Перемену в пространстве он ощутил даже раньше, чем светильники полыхнули ярче. И когда Перкау поднял взгляд, Таа уже знал, что увидит там – тлеющее на дне чужих глаз пламя безумия. Он был готов. На миг, только на миг он отстранённо подумал, выдержит ли, но тени Западного Берега защищали его разум и плоть.

Когда чужие руки впечатали его в каменную кладку стены, в голове зазвенело, но Таа сохранил концентрацию.

«Прохлада Вод Перерождения… – напомнил он себе, чувствуя, как стонет, плавится его кожа. – Покой… Вечность… Немного терпения…»

Будущий Верховный Жрец Ануи всей Таур-Дуат не мог проиграть.

И лишь когда Таа почувствовал, как мутнеет, темнеет от боли разум, он вскинул руки и заслонился от пламенной ярости, которую призвал сам. Призрачные голоса взвились обвиняющим хором, хороня огонь. Вырвавшись из стальной хватки, Таа оттолкнул безумца и судорожно вздохнул, оседая по стене.

– Сюда! – хрипло крикнул он стражам.

Сквозь дымку полузабытья он слышал и видел, как ворвались в комнату воины и схватили пленника, как влетела следом жрица Таэху.

– Я пришёл… почувствовал опасность… для храма… – с усилием прошептал Таа, едва фокусируя взгляд на склонившейся над ним жрице, и наставил коготь на обмякшего в руках стражей Перкау. Рука предательски дрожала. – Он… пытался убить меня…

Отдаться теням, милосердно заполнившим его разум, было сладостно.

Дело было сделано.

* * *

Хатепер вздохнул, собираясь с мыслями. Некоторое время он просто сидел за столом, заваленном свитками, поверх которых стоял небольшой ларец, и никак не решался открыть. Его ладони покоились на крышке, пальцы обрисовывали иероглифическую вязь защитной магической формулы. Давно он не смотрел на то, что находилось внутри, но скоро это предстояло применить по назначению.

Его руки дрогнули. Он отчётливо помнил, как делал то, что было необходимо – необходимо и вместе с тем кощунственно. Однако выбора не было. Хранитель секретов, страж трона Владыки, не имел права на слабость.

Крышка открылась легко, и взгляд Великого Управителя остановился на том, что было внутри. Беззвучно он прошептал слова благословения ушедшему на обоих языках и извлёк на свет несколько небольших кусков выделанной кожи, потемневшей от действия натрона и бальзамов.
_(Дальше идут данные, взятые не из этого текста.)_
text \<open>A definite seminorm attains a positive minimum on the compact unit sphere.\<close>

lemma norm_le_if_definite:
  assumes definite: "\<And>x. f x = 0 \<Longrightarrow> x = 0"
  shows "\<exists>L>0. \<forall>x. norm x \<le> L * f x"
proof -
  obtain x0 where x0: "x0 \<in> sphere 0 1" "\<And>x. x \<in> sphere 0 1 \<Longrightarrow> f x0 \<le> f x"
    using continuous_attains_inf[OF compact_sphere _ continuous_on, of 0 1]
    by (auto simp: sphere_eq_empty)
  have pos: "f x0 > 0" using definite[of x0] nonneg[of x0] x0(1) by force
  have "norm x \<le> (1 / f x0) * f x" for x
  proof (cases "x = 0")
    case False
    have "f x0 \<le> f ((1 / norm x) *\<^sub>R x)" using False by (intro x0(2)) simp
    also have "\<dots> = f x / norm x" by (simp add: scaleR)
    finally show ?thesis using pos False by (simp add: field_simps)
  qed simp
  then show ?thesis using pos by (intro exI[of _ "1 / f x0"]) auto
qed

end

lemma real_seminorm_if_is_mat_norm:
  fixes N :: "'a::{real_normed_field,euclidean_space}^'n^'n \<Rightarrow> real"
  assumes "is_mat_norm N"
  shows "real_seminorm N"
proof
  show "N (X + Y) \<le> N X + N Y" for X Y using assms by (simp add: is_mat_norm_def)
  show "N (r *\<^sub>R X) = \<bar>r\<bar> * N X" for r X
  proof -
    have "N (mat_scale (of_real r) X) = norm (of_real r :: 'a) * N X"
      using assms by (simp add: is_mat_norm_def)
    then show ?thesis by (simp add: mat_scale_of_real)
  qed
qed

lemma norm_vec_le_sum: "norm x \<le> (\<Sum>i\<in>UNIV. norm (x $ i))"
  unfolding norm_vec_def by (rule L2_set_le_sum) simp

lemma norm_matrix_entry_le: "norm (A $ i $ j) \<le> norm A"
  using Finite_Cartesian_Product.norm_nth_le[of "A $ i" j] Finite_Cartesian_Product.norm_nth_le[of A i] by linarith

lemma norm_matrix_mult_le:
  fixes A B :: "'a::real_normed_field^'n^'n"
  shows "norm (A ** B) \<le> real CARD('n) ^ 3 * norm A * norm B"
proof -
  have entry: "norm ((A ** B) $ i $ j) \<le> real CARD('n) * (norm A * norm B)" for i j
  proof -
    have "norm ((A ** B) $ i $ j) = norm (\<Sum>k\<in>UNIV. A $ i $ k * B $ k $ j)"
      by (simp add: matrix_matrix_mult_def)
    also have "\<dots> \<le> (\<Sum>k\<in>(UNIV::'n set). norm A * norm B)"
      by (rule sum_norm_le)
        (simp add: norm_mult mult_mono norm_matrix_entry_le)
    finally show ?thesis by simp
  qed
  have "norm (A ** B) \<le> (\<Sum>i\<in>UNIV. \<Sum>j\<in>UNIV. norm ((A ** B) $ i $ j))"
    by (rule order_trans[OF norm_vec_le_sum sum_mono[OF norm_vec_le_sum]])
  also have "\<dots> \<le> (\<Sum>i\<in>(UNIV::'n set). \<Sum>j\<in>(UNIV::'n set). real CARD('n) * (norm A * norm B))"
    by (intro sum_mono entry)
  also have "\<dots> = real CARD('n) ^ 3 * norm A * norm B"
    by (simp add: power3_eq_cube)
  finally show ?thesis .
qed

lemma norm_matpow_le:
  fixes X :: "'a::real_normed_field^'n^'n"
  shows "norm (matpow X j) \<le> norm (mat 1 :: 'a^'n^'n) * (real CARD('n) ^ 3 * norm X) ^ j"
proof (induct j)
  case (Suc j)
  have "norm (matpow X (Suc j)) \<le> real CARD('n) ^ 3 * norm X * norm (matpow X j)"
    using norm_matrix_mult_le[of X "matpow X j"] by simp
  also have "\<dots> \<le> real CARD('n) ^ 3 * norm X * (norm (mat 1 :: 'a^'n^'n) * (real CARD('n) ^ 3 * norm X) ^ j)"
    using Suc by (intro mult_left_mono) auto
  finally show ?case by (simp add: mult_ac)
qed simp

lemma norm_matpow_Suc_le:
  fixes X :: "'a::{real_normed_field,banach}^'n^'n"
  assumes nil: "matpow X D = 0" and "Suc j < D" and "c \<ge> 0"
    and higher: "\<And>k. Suc j < k \<Longrightarrow> norm (matpow X k) \<le> c * norm (mat_exp X - mat 1)"
  shows "norm (matpow X (Suc j))
    \<le> (real CARD('n) ^ 3 * norm (matpow X j) + real D * c) * norm (mat_exp X - mat 1)"
proof -
  let ?E = "mat_exp X - mat 1"
  let ?R = "\<Sum>l\<in>{2..<D}. inverse (fact l) *\<^sub>R matpow X (j + l)"
  have "{1..<D} = insert 1 {2..<D}" using \<open>Suc j < D\<close> by auto
  then have "matpow X j ** ?E = matpow X (Suc j) + ?R"
    using matpow_mult_mat_exp_minus_1[OF nil, of j] by simp
  then have "norm (matpow X (Suc j)) \<le> norm (matpow X j ** ?E) + norm ?R"
    using norm_triangle_ineq4[of "matpow X j ** ?E" ?R] by (simp add: eq_diff_eq)
  moreover have "norm (matpow X j ** ?E) \<le> real CARD('n) ^ 3 * norm (matpow X j) * norm ?E"
    by (rule norm_matrix_mult_le)
  moreover have "norm ?R \<le> real D * (c * norm ?E)"
  proof -
    have "norm ?R \<le> (\<Sum>l\<in>{2..<D}. c * norm ?E)"
    proof (rule sum_norm_le)
      fix l assume "l \<in> {2..<D}"
      then have "norm (matpow X (j + l)) \<le> c * norm ?E" by (intro higher) simp
      moreover have "inverse (fact l :: real) \<le> 1" by (simp add: inverse_le_1_iff fact_ge_1)
      then have "inverse (fact l) * norm (matpow X (j + l)) \<le> norm (matpow X (j + l))"
        by (simp add: mult_left_le_one_le)
      ultimately show "norm (inverse (fact l) *\<^sub>R matpow X (j + l)) \<le> c * norm ?E"
        by simp
    qed
    also have "\<dots> \<le> real D * (c * norm ?E)" using \<open>c \<ge> 0\<close> by (simp add: mult_right_mono)
    finally show ?thesis .
  qed
  ultimately show ?thesis by (simp add: distrib_right)
qed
Мумифицированной эльфийской кожи.

Сохранённое для вечности, перед ним лежало последнее послание Высокого Лорда Тремиана Ареля. Старый друг и соратник Хатепера передал весть так, как мог, а в минуты угасания его жизни доступны эльфу оказались только кинжал да собственная плоть. Когда тело «мятежного торговца», покончившего собой, было доставлено во дворец, и все, кому полагалось, убедились в том, что Тремиан сам отказался от суда Владыки, приговор был однозначен: в погребении предателю отказать. Секенэф принял решение вельмож и озвучил приговор, но Хатеперу дал своё безмолвное согласие сразу же, как разобрался.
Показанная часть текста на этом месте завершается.